July 14, 2010

Each snowflake is different, but mine is an honor roll student

Summer is a battleground between the need to be thrifty and the desire to consume ice cream until I vomit it back into the cone. While the extra hour of light during daylight savings correlates with a decrease in crime and car accidents, it also increases the temptation to 'expand economically' and party like hell.

I just want to eat out on the patios of restaurants all day. I'd like to grab some brunch, shuffle up to a late lunch, and lurch over to dinner. Afterwards, it would be nice to hit a bar. And I would never fail to have a milkshake in hand.

But alack! No can do. I have a few days until I get paid again and I possess but a pittance in my checking account. My money left my hands pretty early these past two weeks. I thought I could hold out, but when I hit the home stretch, my bike busted a flat. I couldn't afford to fix it and I couldn't come up with more than two days worth of train fare for a five day work week. Jessica came to the rescue wearing a mask and cape as she often does, acting as if I didn't know her true identity. But I knew. I knew! She spotted me the fifteen bucks to repair the flat which will be reimbursed from a hutch we're going to sell this weekend.
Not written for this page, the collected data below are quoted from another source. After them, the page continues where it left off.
(* Let $s,k\geq 2$ and $n\geq ks+1$. For any reflection $\alpha$ of $[n]$, i.e., any permutation of $[n]$ of the form $x\mapsto c-x \pmod n$ for some fixed $c$ (residues modulo $n$ taken in $[n]$), the automorphism of $\operatorname{KG}(n,k)_{s-\operatorname{stab}}$ given by $\{i_1,\dots,i_k\}\mapsto\{\alpha(i_1),\dots,\alpha(i_k)\}$ is not a shift of $\operatorname{KG}(n,k)_{s-\operatorname{stab}}$.
   Context: For integers $s,k\geq 2$ and $n\geq ks$, a subset $S\subseteq[n]=\{1,\dots,n\}$ is $s$-stable if $s\leq |i-j|\leq n-s$ for all distinct $i,j\in S$. The $s$-stable Kneser graph $\operatorname{KG}(n,k)_{s-\operatorname{stab}}$ has as vertices the $s$-stable $k$-subsets of $[n]$, two vertices being adjacent iff they are disjoint. Every permutation of $[n]$ in the dihedral group $D_{2n}$ (symmetries of the $n$-cycle $1,2,\dots,n$) induces an automorphism of $\operatorname{KG}(n,k)_{s-\operatorname{stab}}$ by acting elementwise on vertices. A shift of a graph $G$ is an automorphism $\phi$ of $G$ such that $u$ and $\phi(u)$ are adjacent for every vertex $u$. *)

theory Defs
  imports Main
begin

definition s_stable :: "nat \<Rightarrow> nat \<Rightarrow> nat set \<Rightarrow> bool" where
  "s_stable n s S \<longleftrightarrow> S \<subseteq> {1..n} \<and>
     (\<forall>i\<in>S. \<forall>j\<in>S. i \<noteq> j \<longrightarrow>
        int s \<le> \<bar>int i - int j\<bar> \<and> \<bar>int i - int j\<bar> \<le> int n - int s)"

definition stab_kneser_vertices :: "nat \<Rightarrow> nat \<Rightarrow> nat \<Rightarrow> nat set set" where
  "stab_kneser_vertices n k s = {S. s_stable n s S \<and> card S = k}"

definition stab_kneser_adj :: "nat \<Rightarrow> nat \<Rightarrow> nat \<Rightarrow> nat set \<Rightarrow> nat set \<Rightarrow> bool" where
  "stab_kneser_adj n k s u v \<longleftrightarrow>
     u \<in> stab_kneser_vertices n k s \<and> v \<in> stab_kneser_vertices n k s \<and> u \<inter> v = {}"

definition graph_automorphism :: "'a set \<Rightarrow> ('a \<Rightarrow> 'a \<Rightarrow> bool) \<Rightarrow> ('a \<Rightarrow> 'a) \<Rightarrow> bool" where
  "graph_automorphism V E \<phi> \<longleftrightarrow> bij_betw \<phi> V V \<and>
     (\<forall>u\<in>V. \<forall>v\<in>V. E u v \<longleftrightarrow> E (\<phi> u) (\<phi> v))"

definition graph_shift :: "'a set \<Rightarrow> ('a \<Rightarrow> 'a \<Rightarrow> bool) \<Rightarrow> ('a \<Rightarrow> 'a) \<Rightarrow> bool" where
  "graph_shift V E \<phi> \<longleftrightarrow> graph_automorphism V E \<phi> \<and> (\<forall>u\<in>V. E u (\<phi> u))"

text \<open>The reflection x \<mapsto> c - x (mod n), residues taken in [n] = {1..n}.\<close>
definition reflection :: "nat \<Rightarrow> int \<Rightarrow> nat \<Rightarrow> nat" where
  "reflection n c x = nat ((c - int x - 1) mod int n + 1)"

end

theory Submission
  imports Defs
begin

text \<open>A reflection x \<mapsto> c - x of \<int>/n\<int> preserves the cyclic distance of any two points, so it maps
  s-stable k-sets to s-stable k-sets; being an involution, it induces an automorphism of the
  stable Kneser graph. It is not a shift because some vertex meets its own image: choose an
  s-stable k-set containing two residues x, y with x + y \<equiv> c (or one residue x with 2x \<equiv> c), so
  that the reflection exchanges them. The two residues can be taken at distance 0 if c is even
  and at the odd distance d \<in> {s, s + 1} if c is odd; a translate of 0, d, d + s, \<dots>, d + (k - 2)s
  then does the job, since it still fits into a cycle of length n \<ge> ks + 1.\<close>

definition cyclic_sep :: "nat \<Rightarrow> nat \<Rightarrow> int \<Rightarrow> bool" where
  "cyclic_sep n s t \<longleftrightarrow> int s \<le> t mod int n \<and> t mod int n \<le> int n - int s"

lemma cyclic_sep_mod [simp]: "cyclic_sep n s (t mod int n) = cyclic_sep n s t"
  by (simp add: cyclic_sep_def)

lemma cyclic_sep_uminus [simp]: "cyclic_sep n s (- t) = cyclic_sep n s t"
  by (auto simp: cyclic_sep_def zmod_zminus1_eq_if)

lemma cyclic_sep_zero_mod:
  assumes "s \<ge> 1" "t mod int n = 0"
  shows "\<not> cyclic_sep n s t"
  using assms by (simp add: cyclic_sep_def)

lemma cyclic_sep_if_abs_bounds:
  fixes t :: int
  assumes "s \<ge> 1" "int s \<le> \<bar>t\<bar>" "\<bar>t\<bar> \<le> int n - int s"
  shows "cyclic_sep n s t"
proof (cases "t \<ge> 0")
  case True
  then have "t mod int n = t" using assms by (intro mod_pos_pos_trivial) auto
  then show ?thesis using True assms by (simp add: cyclic_sep_def)
next
  case False
  have "t mod int n = (t + int n) mod int n" by simp
  also have "\<dots> = t + int n" using assms False by (intro mod_pos_pos_trivial) auto
  finally show ?thesis using False assms by (auto simp: cyclic_sep_def)
qed

lemma abs_bounds_iff_cyclic_sep:
  fixes i j :: int
  assumes "s \<ge> 1" "1 \<le> i" "i \<le> int n" "1 \<le> j" "j \<le> int n"
  shows "(int s \<le> \<bar>i - j\<bar> \<and> \<bar>i - j\<bar> \<le> int n - int s) \<longleftrightarrow> cyclic_sep n s (i - j)"
proof (cases "i \<ge> j")
  case True
  then have "(i - j) mod int n = i - j" using assms by (intro mod_pos_pos_trivial) auto
  then show ?thesis using True by (simp add: cyclic_sep_def)
next
  case False
  have "(i - j) mod int n = (i - j + int n) mod int n" by simp
  also have "\<dots> = i - j + int n" using assms False by (intro mod_pos_pos_trivial) auto
  finally show ?thesis using False by (auto simp: cyclic_sep_def)
qed

lemma s_stable_iff_cyclic_sep:
  assumes "s \<ge> 1"
  shows "s_stable n s S \<longleftrightarrow>
    S \<subseteq> {1..n} \<and> (\<forall>i\<in>S. \<forall>j\<in>S. i \<noteq> j \<longrightarrow> cyclic_sep n s (int i - int j))"
proof -
  have "(int s \<le> \<bar>int i - int j\<bar> \<and> \<bar>int i - int j\<bar> \<le> int n - int s) \<longleftrightarrow>
      cyclic_sep n s (int i - int j)" if "i \<in> {1..n}" "j \<in> {1..n}" for i j
    using assms that by (intro abs_bounds_iff_cyclic_sep) auto
  then show ?thesis unfolding s_stable_def by blast
qed

text \<open>Residue classes are represented in [n] = {1..n}, shifted by one: wrap n t \<equiv> t + 1 (mod n).\<close>
definition wrap :: "nat \<Rightarrow> int \<Rightarrow> nat" where
  "wrap n t = nat (t mod int n + 1)"

lemma int_wrap: "n > 0 \<Longrightarrow> int (wrap n t) = t mod int n + 1"
  by (simp add: wrap_def)

lemma wrap_in_range:
  assumes "n > 0"
  shows "wrap n t \<in> {1..n}"
proof -
  have "0 \<le> t mod int n" "t mod int n < int n" using assms by auto
  then show ?thesis using int_wrap[OF assms, of t] by auto
qed

lemma wrap_cong: "t mod int n = t' mod int n \<Longrightarrow> wrap n t = wrap n t'"
  by (simp add: wrap_def)

lemma wrap_of_range: "x \<in> {1..n} \<Longrightarrow> wrap n (int x - 1) = x"
  by (auto simp: wrap_def mod_pos_pos_trivial)

lemma wrap_diff_mod:
  assumes "n > 0"
  shows "(int (wrap n t) - int (wrap n t')) mod int n = (t - t') mod int n"
  using assms by (simp add: int_wrap mod_diff_eq)

lemma wrap_image_stab_kneser_vertex:
  assumes "n > 0" "s \<ge> 1" "card B = k"
    and sep: "\<And>b b'. b \<in> B \<Longrightarrow> b' \<in> B \<Longrightarrow> b \<noteq> b' \<Longrightarrow> cyclic_sep n s (b - b')"
  shows "wrap n ` B \<in> stab_kneser_vertices n k s"
proof -
  have image_sep: "cyclic_sep n s (int (wrap n b) - int (wrap n b'))"
    if "b \<in> B" "b' \<in> B" "b \<noteq> b'" for b b'
    using sep[OF that] wrap_diff_mod[OF \<open>n > 0\<close>] cyclic_sep_mod by metis
  have "inj_on (wrap n) B"
    using image_sep cyclic_sep_zero_mod[OF \<open>s \<ge> 1\<close>] by (force intro: inj_onI)
  then have "card (wrap n ` B) = k" using \<open>card B = k\<close> by (simp add: card_image)
  moreover have "s_stable n s (wrap n ` B)"
    using wrap_in_range[OF \<open>n > 0\<close>] image_sep
    by (auto simp: s_stable_iff_cyclic_sep[OF \<open>s \<ge> 1\<close>])
  ultimately show ?thesis by (simp add: stab_kneser_vertices_def)
qed

lemma reflection_eq_wrap: "reflection n c x = wrap n (c - int x - 1)"
  by (simp add: reflection_def wrap_def)

lemma reflection_wrap:
  assumes "n > 0"
  shows "reflection n c (wrap n t) = wrap n (c - 2 - t)"
proof -
  have "(c - int (wrap n t) - 1) mod int n = (c - 2 - t mod int n) mod int n"
    using assms by (simp add: int_wrap algebra_simps)
  also have "\<dots> = (c - 2 - t) mod int n" by (simp add: mod_diff_right_eq)
  finally show ?thesis unfolding reflection_eq_wrap by (rule wrap_cong)
qed

lemma reflection_involutive:
  "n > 0 \<Longrightarrow> x \<in> {1..n} \<Longrightarrow> reflection n c (reflection n c x) = x"
  by (simp add: reflection_eq_wrap[of n c x] reflection_wrap wrap_of_range)

lemma reflection_image_stab_kneser_vertex:
  assumes "n > 0" "s \<ge> 1" "u \<in> stab_kneser_vertices n k s"
  shows "reflection n c ` u \<in> stab_kneser_vertices n k s"
proof -
  have u: "s_stable n s u" "card u = k" using assms(3) by (auto simp: stab_kneser_vertices_def)
  let ?B = "(\<lambda>x. c - int x - 1) ` u"
  have "reflection n c ` u = wrap n ` ?B" by (simp add: reflection_eq_wrap image_image)
  moreover have "card ?B = k" using u(2) by (simp add: card_image inj_on_def)
  moreover have "cyclic_sep n s (b - b')" if bb': "b \<in> ?B" "b' \<in> ?B" "b \<noteq> b'" for b b'
  proof -
    obtain i j where ij: "i \<in> u" "j \<in> u" "b = c - int i - 1" "b' = c - int j - 1"
      using bb'(1,2) by blast
    then have "cyclic_sep n s (int i - int j)"
      using u(1) bb'(3) by (auto simp: s_stable_iff_cyclic_sep[OF \<open>s \<ge> 1\<close>])
    moreover have "b - b' = - (int i - int j)" using ij by simp
    ultimately show ?thesis by (metis cyclic_sep_uminus)
  qed
  ultimately show ?thesis using wrap_image_stab_kneser_vertex[OF assms(1,2)] by metis
qed

lemma involution_image_automorphism:
  assumes invol: "\<And>x. x \<in> {1..n} \<Longrightarrow> \<phi> (\<phi> x) = x"
    and closed: "\<And>u. u \<in> stab_kneser_vertices n k s \<Longrightarrow> \<phi> ` u \<in> stab_kneser_vertices n k s"
  shows "graph_automorphism (stab_kneser_vertices n k s) (stab_kneser_adj n k s) (\<lambda>u. \<phi> ` u)"
proof -
  let ?V = "stab_kneser_vertices n k s"
  have sub: "u \<subseteq> {1..n}" if "u \<in> ?V" for u
    using that by (auto simp: stab_kneser_vertices_def s_stable_def)
  have image_invol: "\<phi> ` \<phi> ` u = u" if "u \<in> ?V" for u
    using invol sub[OF that] by (force simp: image_image)
  have "inj_on \<phi> {1..n}" by (metis invol inj_onI)
  then have image_Int: "\<phi> ` (u \<inter> v) = \<phi> ` u \<inter> \<phi> ` v" if "u \<in> ?V" "v \<in> ?V" for u v
    using inj_on_image_Int sub that by metis
  have "bij_betw (\<lambda>u. \<phi> ` u) ?V ?V"
    by (rule bij_betw_byWitness[where f' = "\<lambda>u. \<phi> ` u"]) (use image_invol closed in auto)
  moreover have "stab_kneser_adj n k s u v \<longleftrightarrow> stab_kneser_adj n k s (\<phi> ` u) (\<phi> ` v)"
    if "u \<in> ?V" "v \<in> ?V" for u v
    using that closed image_Int[OF that] by (auto simp: stab_kneser_adj_def)
  ultimately show ?thesis by (simp add: graph_automorphism_def)
qed

definition gapped_progression :: "nat \<Rightarrow> nat \<Rightarrow> int \<Rightarrow> int set" where
  "gapped_progression k s d = insert 0 ((\<lambda>j. d + int j * int s) ` {..<k - 1})"

lemma progression_ge_start:
  assumes "b \<in> (\<lambda>j. d + int j * int s) ` A"
  shows "d \<le> b"
proof -
  obtain j where "b = d + int j * int s" using assms by blast
  moreover have "0 \<le> int j * int s" by simp
  ultimately show ?thesis by linarith
qed

lemma card_gapped_progression:
  assumes "k \<ge> 1" "s \<ge> 1" "d > 0"
  shows "card (gapped_progression k s d) = k"
proof -
  have "0 \<notin> (\<lambda>j. d + int j * int s) ` {..<k - 1}"
    using progression_ge_start[of 0 d s "{..<k - 1}"] assms(3) by linarith
  moreover have "inj_on (\<lambda>j. d + int j * int s) {..<k - 1}"
    using assms(2) by (auto simp: inj_on_def)
  ultimately show ?thesis using assms(1) by (simp add: gapped_progression_def card_image)
qed

lemma gapped_progression_bounds:
  assumes "d \<le> int s + 1" "d \<ge> 0" "b \<in> gapped_progression k s d"
  shows "0 \<le> b \<and> b \<le> int (k - 1) * int s + 1"
proof -
  consider "b = 0" | j where "j < k - 1" "b = d + int j * int s"
    using assms(3) unfolding gapped_progression_def by auto
  then show ?thesis
  proof cases
    case 2
    then have "(int j + 1) * int s \<le> int (k - 1) * int s" by (intro mult_right_mono) auto
    then show ?thesis using 2 assms(1,2) by (simp add: algebra_simps)
  qed simp
qed

lemma gapped_progression_sep:
  assumes "int s \<le> d" "d \<le> int s + 1"
    and "b \<in> gapped_progression k s d" "b' \<in> gapped_progression k s d" "b \<noteq> b'"
  shows "int s \<le> \<bar>b - b'\<bar>"
proof -
  have from_zero: "int s \<le> \<bar>x - 0\<bar>" if "x \<in> gapped_progression k s d" "x \<noteq> 0" for x
  proof -
    have "x \<in> (\<lambda>j. d + int j * int s) ` {..<k - 1}"
      using that by (simp add: gapped_progression_def)
    then have "d \<le> x" by (rule progression_ge_start)
    then show ?thesis using assms(1) by simp
  qed
  show ?thesis
  proof (cases "b = 0 \<or> b' = 0")
    case True
    then show ?thesis
      using from_zero[of b] from_zero[of b'] assms(3-5) by (auto simp: abs_minus_commute)
  next
    case False
    then obtain j j' where "b = d + int j * int s" "b' = d + int j' * int s"
      using assms(3,4) unfolding gapped_progression_def by auto
    then have "b - b' = (int j - int j') * int s" by (simp add: left_diff_distrib)
    moreover have "j \<noteq> j'" using assms(5) calculation by auto
    ultimately have "\<bar>b - b'\<bar> = \<bar>int j - int j'\<bar> * int s" "1 \<le> \<bar>int j - int j'\<bar>"
      by (auto simp: abs_mult)
    then show ?thesis by (simp add: mult_right_mono[of 1 _ "int s", simplified])
  qed
qed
I gave myself a ten dollar limit to spend on food for the week. I bought some tomatoes, yogurt, and a pineapple. I kept under ten dollars by $2.84. That paltry sum was shuffled over as a tiny payment to my credit card.

Isn't that a neat trick? It's a tactic I picked up called snowflaking. Snowflaking is a debt reduction method by which you take a small amount of cash you come across and flick it into that seemingly bottomless pit of debt. It's kind of like throwing a handful of dirt onto a festering corpse. It might not seem like it's covering up that man you killed, but it builds up over a long period of time.

Cover that up with dirt and you won't have to marry it!

Snowflaking can actually be fun. It's not the same as painfully committing a large chunk of funds. The small, almost silly amounts that go into my debt can give me the mental boost I need to take this on in the long term. Because I'm constantly putting payments on what I owe.

That will hasten my debt's demise. And the sooner I pay it off, the sooner I'll be regurgitating ice cream and shoving sandwiches into my esophagus.